I’d never known that I’d had this much magic before
.

The thought skipped through my head just the way it had the last time I’d been here—the night that I’d collapsed my own mansion on top of everyone who’d been inside it. Mab, her men, Bria, even myself. Before, back then, my magic had scared me, and with my guilt over thinking that I’d killed Bria with it, I’d spent years using it in only the smallest of ways. But now I gave myself over to it completely. I could feel the power inside me, the incredible magic running through me like a vein of the finest, richest silver imaginable. Stone, Ice, Ice, Stone—there was no separation anymore. It all mixed together in me until there was just sheer power, just raw, furious force over the elements themselves. So much power, so much force, that I went cold and numb from it. Fingers, toes, torso, I couldn’t even feel them anymore. My magic was the only thing I was aware of, surging through me, building and building and building toward something spectacular—

My body burst into silver flames.

I didn’t know how I did it or why it happened or even that it was possible in the first place. But something ripped open deep inside me, and a second later, silver flames engulfed me from head to toe, dancing around my body like all the ghosts of my past come back to life to haunt me one final time. But the curious thing was that the flames weren’t hot—they were cold. Colder than Ice. And that’s when I realized what they were. My Ice magic come to life, manifesting itself just the way that Mab’s Fire magic did. A new quirk, a new extension of my elemental power in my most desperate hour. Jo-Jo had always claimed that one day my Ice magic would be the equal of my Stone power.

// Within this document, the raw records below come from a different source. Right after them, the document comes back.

(* Let $\mathscr Q_n$ be a non-singular quadric in $\mathrm{PG}(n,2)$ of projective index $g\ge1$, let $0\le s<g$, let $\alpha_s$ be an $s$-dimensional subspace contained in $\mathscr Q_n$, and let $\Gamma_s$ be the graph constructed from $\alpha_s$ as described below. Then the maximum size of a clique in $\Gamma_s$ is $2^{g+1}-1$.
   Context: A non-singular quadric $\mathscr Q_n$ in $\mathrm{PG}(n,2)$ is the point set of a non-degenerate quadric; its projective index $g$ is the largest dimension of a projective subspace contained in $\mathscr Q_n$. The point-graph $\Gamma$ has vertex set the points of $\mathscr Q_n$, two distinct points adjacent iff the line joining them is contained in $\mathscr Q_n$. A point $X$ of $\mathscr Q_n$ has type (i) if $X\in\alpha_s$; type (ii) if $X\notin\alpha_s$ and $\langle\alpha_s,X\rangle\subseteq\mathscr Q_n$; type (iii) otherwise. Let $\mathcal X_s$ be the type (ii) points and $\mathcal Y_s$ the points of type (i) or (iii). The graph $\Gamma_s$ has the same vertex set as $\Gamma$ and the same edges, except that for each vertex $R\in\mathcal Y_s$ having exactly $\frac12|\mathcal X_s|$ neighbours in $\mathcal X_s$ (in $\Gamma$), those edges are deleted and $R$ is joined instead to the other $\frac12|\mathcal X_s|$ vertices of $\mathcal X_s$. *)

theory Defs
  imports Main "HOL-Library.Z2"
begin

text \<open>Vectors of GF(2)^(n+1): functions nat => bit vanishing outside {0..n}.
  Points of PG(n,2): nonzero such vectors.\<close>

definition vecs :: "nat \<Rightarrow> (nat \<Rightarrow> bit) set" where
  "vecs n = {v. \<forall>i>n. v i = 0}"

definition pts :: "nat \<Rightarrow> (nat \<Rightarrow> bit) set" where
  "pts n = {v \<in> vecs n. v \<noteq> (\<lambda>_. 0)}"

definition vadd :: "(nat \<Rightarrow> bit) \<Rightarrow> (nat \<Rightarrow> bit) \<Rightarrow> (nat \<Rightarrow> bit)" where
  "vadd u w = (\<lambda>i. u i + w i)"

definition qform :: "nat \<Rightarrow> (nat \<Rightarrow> nat \<Rightarrow> bit) \<Rightarrow> (nat \<Rightarrow> bit) \<Rightarrow> bit" where
  "qform n a v = (\<Sum>i\<le>n. \<Sum>j\<in>{i..n}. a i j * v i * v j)"

definition polar :: "nat \<Rightarrow> (nat \<Rightarrow> nat \<Rightarrow> bit) \<Rightarrow> (nat \<Rightarrow> bit) \<Rightarrow> (nat \<Rightarrow> bit) \<Rightarrow> bit" where
  "polar n a u w = qform n a (vadd u w) + qform n a u + qform n a w"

The dwarf had just never told me that the Ice would get
stronger
.

“Nice trick,” Mab hissed, eyeing the silver flames flashing around my body with obvious disgust. “But it’s not going to be enough to save you.”

“We’ll see about that,” I muttered back.

And then we danced.

The two of us stood there in the courtyard, our hands outstretched, magic pulsing out of our fingertips in bright, continuous waves. Mab’s magic burned red and orange and yellow and black, spitting, hissing, and crackling with ash and heat. My magic glinted like a stream of silver stars all strung together, whistling and whispering with cold and frost.

Fire and Ice.

Opposing elements in so many ways.

And now, the two of us finally engaging in this battle that had been so many years in the making.

Our magic crashed together, sending up sizzling sprays of red and silver sparks, fireworks of an impressive and most deadly sort. Steam rose in the air between us, wrapping around us like fog. Sweat poured down my face, until I could barely see what I was doing, but I didn’t wipe it away—I didn’t dare do anything to interrupt my concentration. I didn’t move, I didn’t blink, I didn’t even breathe.

I don’t know how long we stood there, the two of us just throwing our magic at each other, pushing, straining, and fighting with everything that we had.

But eventually, I realized that I was going to lose.

Despite all the magic I was holding on to, despite
all the raw power coursing through my veins, hell, despite the silver flames that coated my body, it still wasn’t enough. Not enough to drive back Mab’s Fire magic, not enough for my power to overtake hers and engulf her in Ice. All the rumors that I’d heard over the years were true. Mab did have more raw power than any elemental born in the last five hundred years—including me.